Первой из упомянутых вех явилась для некоторых форм жизни необходимость перехода из водной среды на сушу. Эта способность к перемене окружающей среды, несомненно, появилась в результате длительной, может быть, болезненной, и, вероятно, весьма опасной процедуры. Однако для нас, сегодняшних, отдаленность по времени превратила этот процесс в разовое событие, означающее крутой перелом в схеме эволюции. Другой такой вехой оказалось появление хорды, миллионы лет спустя превратившейся в позвоночник. Следующей послужило появление прямохождения — хотя лично я не склонен переоценивать значение вертикального, стоячего положения. Все-таки определяющим признаком человека является не прямохождение, а разум, способность к отвлечению от «сейчас» и «здесь».
Эволюционный процесс заключает в себе длинную цепь событий. Эволюция испытала и отбросила множество направлений, и множество видов исчезло, будучи слишком неразрывно с этими направлениями связано. Но всегда оставался некий фактор — или совокупность факторов, — которые обеспечивали связь этих исчезнувших видов с новыми линиями эволюционного древа. И невольно возникает мысль, что сквозь дремучие дебри изменений и модификаций пролегает единое центральное направление эволюции, нацеленное на некую финальную форму.

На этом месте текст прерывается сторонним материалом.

(* For every constant $c>0$ there is a constant $C>0$ such that for all integers $d,k,t$ with $1\le k\le c\sqrt{d}$, $2k\le d$, and $0\le t\le k-1$, \[ \|\mathcal{D}_t\|_1\le C\binom{d-k}{k-t}\binom{d}{t}2^{k-t}, \] where $\mathcal{D}_t$ is the $\binom{[d]}{k}\times\binom{[d]}{k}$ matrix with $\mathcal{D}_t(A,B)=1$ if $|A\cap B|=t$ and $0$ otherwise.
   Context: $\binom{[d]}{k}$ denotes the set of $k$-element subsets of $[d]=\{1,\dots,d\}$; $\mathcal{D}_t$ is the adjacency matrix of the generalized Johnson graph. $\|\cdot\|_1$ is the trace norm (sum of absolute values of eigenvalues for this symmetric matrix). *)

theory Defs
  imports "Jordan_Normal_Form.Char_Poly"
begin

definition ksubsets :: "nat \<Rightarrow> nat \<Rightarrow> nat set set" where
  "ksubsets d k = {A. A \<subseteq> {1..d} \<and> card A = k}"

(* A fixed enumeration (without repetition) of the k-subsets of [d];
   the trace norm below does not depend on the choice (permutation similarity). *)
definition ksub_list :: "nat \<Rightarrow> nat \<Rightarrow> nat set list" where
  "ksub_list d k = (SOME xs. distinct xs \<and> set xs = ksubsets d k)"

definition johnson_mat :: "nat \<Rightarrow> nat \<Rightarrow> nat \<Rightarrow> real mat" where
  "johnson_mat d k t =
     (let xs = ksub_list d k
      in mat (length xs) (length xs)
           (\<lambda>(i, j). if card (xs ! i \<inter> xs ! j) = t then 1 else 0))"

definition trace_norm_sym :: "real mat \<Rightarrow> real" where
  "trace_norm_sym M =
     (\<Sum>a\<in>{a. poly (char_poly M) a = 0}. real (order a (char_poly M)) * \<bar>a\<bar>)"

end

theory Submission
  imports Defs "Jordan_Normal_Form.Schur_Decomposition"
begin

Это центральное направление, многие миллионы лет спустя приведшее к появлению человека, характеризуется медленным ростом мозга, который с течением времени породил разум.
Весьма любопытной и важной представляется мне особенность эволюционного процесса, заключающаяся в том, что никакой наблюдатель, исходя из здравого смысла, не смог бы предугадать изменений до того, как они произошли. Полмиллиарда лет назад ни один здравомыслящий наблюдатель не отважился бы предсказать, что через каких-нибудь несколько миллионов лет многие формы жизни оставят воду и выйдут на сушу. В сущности, это должно было показаться тогда наименее вероятным, практически невозможным событием. Ибо созданные к тому времени формы жизни нуждались в воде, не могли жить нигде, кроме воды. А земля тех времен, обнаженная и стерильная, казалась самым негостеприимным, самым неподходящим местом для жизни — примерно таким, каким представляется нам сегодня космическое пространство.

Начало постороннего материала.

(* $M\otimes-$ is a functor on $\mathsf{SquaMS}$: for every square metric space $X$, the quotient distance on $M\otimes X$ is a metric, $(M\otimes X,S_{M\otimes X})$ is a square metric space, and for every morphism $f\colon X\to Y$ of $\mathsf{SquaMS}$, $M\otimes f$ is a morphism $M\otimes X\to M\otimes Y$; moreover identities and composition are preserved.
   Context: Let $M_0=\{(r,s)\in[0,1]^2: r\in\{0,1\}\text{ or } s\in\{0,1\}\}$. A square metric space is a pair $(X,S_X)$ with $X$ a metric space with all distances at most $2$ and $S_X\colon M_0\to X$ injective such that (sq1) for $i\in\{0,1\}$, $r,s\in[0,1]$: $d_X(S_X(i,r),S_X(i,s))=|s-r|$ and $d_X(S_X(r,i),S_X(s,i))=|s-r|$; (sq2) $d_X(S_X(r,s),S_X(t,u))\ge|r-t|+|s-u|$. $\mathsf{SquaMS}$: these objects, with short maps $f$ satisfying $f\circ S_X=S_Y$ as morphisms. Let $N=\{0,1,2\}^2$, $M=N\setminus\{(1,1)\}$, also viewed as points of $\mathbb{R}^2$. For $X$ in $\mathsf{SquaMS}$, $M\otimes X=(M\times X)/\!\sim$, where $\sim$ is the equivalence relation generated by $(m,S_X(p))\sim(n,S_X(q))$ whenever $m,n\in M$ differ by exactly $1$ in exactly one coordinate and $(m+p)/3=(n+q)/3$ in $\mathbb{R}^2$; $m\otimes x$ is the class of $(m,x)$. On $M\times X$ put $d((a,u),(b,v))=\frac13 d_X(u,v)$ if $a=b$ and $2$ otherwise; the quotient distance $d(m\otimes x,n\otimes y)$ is the infimum over finite sequences $(m,x)=z_0,\dots,z_k=(n,y)$ in $M\times X$ of the sum over consecutive pairs of $0$ if they are $\sim$-related and $d(z_i,z_{i+1})$ otherwise. $S_{M\otimes X}(p)=m\otimes S_X(3p-m)$ for any $m\in M$ with $p\in(m+[0,1]^2)/3$, and $(M\otimes f)(m\otimes x)=m\otimes f(x)$. *)

theory Defs
  imports "HOL-Analysis.Analysis"
begin

type_synonym pt = "real \<times> real"

definition metric_on :: "'a set \<Rightarrow> ('a \<Rightarrow> 'a \<Rightarrow> real) \<Rightarrow> bool" where
  "metric_on X d \<longleftrightarrow>
     (\<forall>x\<in>X. \<forall>y\<in>X. 0 \<le> d x y \<and> d x y = d y x \<and> (d x y = 0 \<longleftrightarrow> x = y)) \<and>
     (\<forall>x\<in>X. \<forall>y\<in>X. \<forall>z\<in>X. d x z \<le> d x y + d y z)"

definition M0 :: "pt set" where
  "M0 = {(r, s). 0 \<le> r \<and> r \<le> 1 \<and> 0 \<le> s \<and> s \<le> 1 \<and> (r \<in> {0, 1} \<or> s \<in> {0, 1})}"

Полмиллиарда лет назад формы жизни на Земле отличались крошечными размерами. И это казалось столь же непременным условием жизни, как и вода. Ни один наблюдатель тех дней не смог бы вообразить ни чудовищных динозавров более поздних эпох, ни нынешних китов. Их размеры этот наблюдатель счел бы невозможными. О возможности летать он и вовсе бы не подумал — эта концепция оказалась бы за пределами его сознания. И даже если бы он случайно допустил на миг такую идею, то не смог бы представить себе ни побудительной причины, ни способа ее осуществления.
Мы же, оглядываясь на прошедшее, видим обоснованность и правильность эволюционного процесса, сознавая вместе с тем и его непредсказуемость.

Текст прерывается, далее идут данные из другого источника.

lemma div_add_complement_div:
  fixes m n a :: nat
  assumes "n < m" "n * a mod m \<noteq> 0"
  shows "n * a div m + (m - n) * a div m + 1 = a"
proof -
  define b c where "b = n * a div m" and "c = n * a mod m"
  have m: "m > 0" and c: "0 < c" "c < m" using assms by (auto simp: c_def)
  have na: "n * a = m * b + c" by (simp add: b_def c_def)
  have "a > 0" using assms(2) by (cases a) auto
  then have "n * a < m * a" using assms(1) by simp
  then have "b < a" using na by (metis add_lessD1 nat_mult_less_cancel_disj)
  then obtain q where q: "a = Suc (b + q)" using less_imp_Suc_add by blast
  have "m * a = m * q + m * b + m" using q by (simp add: algebra_simps)
  moreover have "(m - n) * a = m * a - n * a" by (simp add: diff_mult_distrib)
  ultimately have "(m - n) * a = (m - c) + m * q" using na c by linarith
  then have "(m - n) * a div m = ((m - c) + m * q) div m" by simp
  also have "\<dots> = q" using c by (subst div_mult_self2) auto
  finally have "(m - n) * a div m = q" .
  then show ?thesis using q unfolding b_def[symmetric] by linarith
qed

lemma of_nat_mod_mult_e_ik:
  fixes m p i :: nat and a :: "nat \<Rightarrow> nat"
  assumes "CHAR('k::comm_ring_1) = p" "m > 0"
  shows "(of_nat ((p * i mod m) * a k mod m) :: 'k) = - of_nat m * of_nat (e_ik m a p i k)"
proof -
  have "(p * i mod m) * a k mod m = p * (i * a k mod m) mod m"
    by (metis mod_mult_left_eq mod_mult_right_eq mult.assoc)
  then have "(p * i mod m) * a k mod m + m * e_ik m a p i k = p * (i * a k mod m)"
    by (simp add: e_ik_def)
  moreover have "(of_nat (p * (i * a k mod m)) :: 'k) = 0"
    using of_nat_CHAR[where 'a = 'k] assms(1) by simp
  ultimately show ?thesis
    by (metis add_eq_0_iff2 mult_minus_left of_nat_add of_nat_mult)
qed

lemma zeta_power_eq_Fract:
  fixes x :: "nat \<Rightarrow> 'k::field"
  assumes "m > 0"
  shows "(vcoef m r a x i / Xf ^ j) ^ p * Fract (hpoly r a x ^ (p * i div m)) 1
       = Fract (factor_prod x {1..r} (e_ik m a p i)) (floor_poly m r a x (p * i mod m) * [:0,1:] ^ (p * j))"
proof -
  define G where "G = factor_prod x {1..r} (e_ik m a p i)"
  have "hpoly r a x ^ (p * i div m) * floor_poly m r a x (p * i mod m) = G * floor_poly m r a x i ^ p"
    unfolding hpoly_eq_factor_prod floor_poly_def G_def factor_prod_power factor_prod_mult
    by (rule factor_prod_cong) (simp add: e_ik_def div_mult_mod_exponents[OF assms])
  then have "to_fract (hpoly r a x ^ (p * i div m)) * to_fract (floor_poly m r a x (p * i mod m))
      = to_fract G * to_fract (floor_poly m r a x i) ^ p"
    by (metis to_fract_mult to_fract_power)
  then show ?thesis
    by (simp add: G_def vcoef_eq_Fract Xf_def Fract_conv_to_fract to_fract_power power_mult
        power_divide field_simps)
qed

Хотя вопрос о том, кто сменит человека в ходе дальнейшей эволюции, время от времени и возникал, однако всегда оставался предметом отвлеченных рассуждений. Насколько я понимаю, никто не хочет подумать об этом всерьез. В большинстве своем люди уверены, что сейчас бессмысленно размышлять о вопросе, решение которого отнесено слишком далеко в будущее. Первые приматы появились всего лишь около восьмидесяти миллионов лет назад; человек существует на планете — даже по самым оптимистическим подсчетам — всего два-три миллиона лет. И потому, исходя из судьбы трилобитов и динозавров, можно утверждать, что у приматов впереди еще многие миллионы лет существования — до тех пор, пока они не вымрут или не утратят своего господствующего положения на Земле.
Бытует также нежелание даже в мыслях признавать, что род человеческий может когда-нибудь прекратить существование. Некоторые — но, разумеется, не большинство — способны примириться с мыслью о том, что лично они когда-нибудь должны умереть. Человек может вообразить мир, в котором сам он больше не существует; но гораздо труднее представить себе Землю без людей. С каким-то внутренним страхом мы отшатываемся от самой мысли о смертности вида. Мы способны постичь умом — хотя и не почувствовать, — что в какой-то момент перестанем существовать как члены человеческой расы; гораздо труднее понять, что сама человеческая раса не является ни бессмертной, ни вечной. Мы можем утверждать, что человек — это единственный вид, создавший средства для собственного уничтожения. Но, даже произнося эти слова, в глубине души мы не — верим в их справедливость.
Никаких серьезных исследований, посвященных этим проблемам, не существует. Похоже, в нашем сознании действует некая блокировка, запрещающая размышлять над подобными вопросами. Мы почти не задумываемся о том, кто может прийти на смену человеку; вместо этого нашему воображению является образ сверхчеловека — во многом от нас отличающегося, но все же остающегося представителем нашей породы. Он превосходит нас интеллектуально и психологически, но биологически остается человеком. Таким образом, даже задумываясь иногда над подобными проблемами, мы упрямо продолжаем считать, что человек так или иначе будет существовать всегда.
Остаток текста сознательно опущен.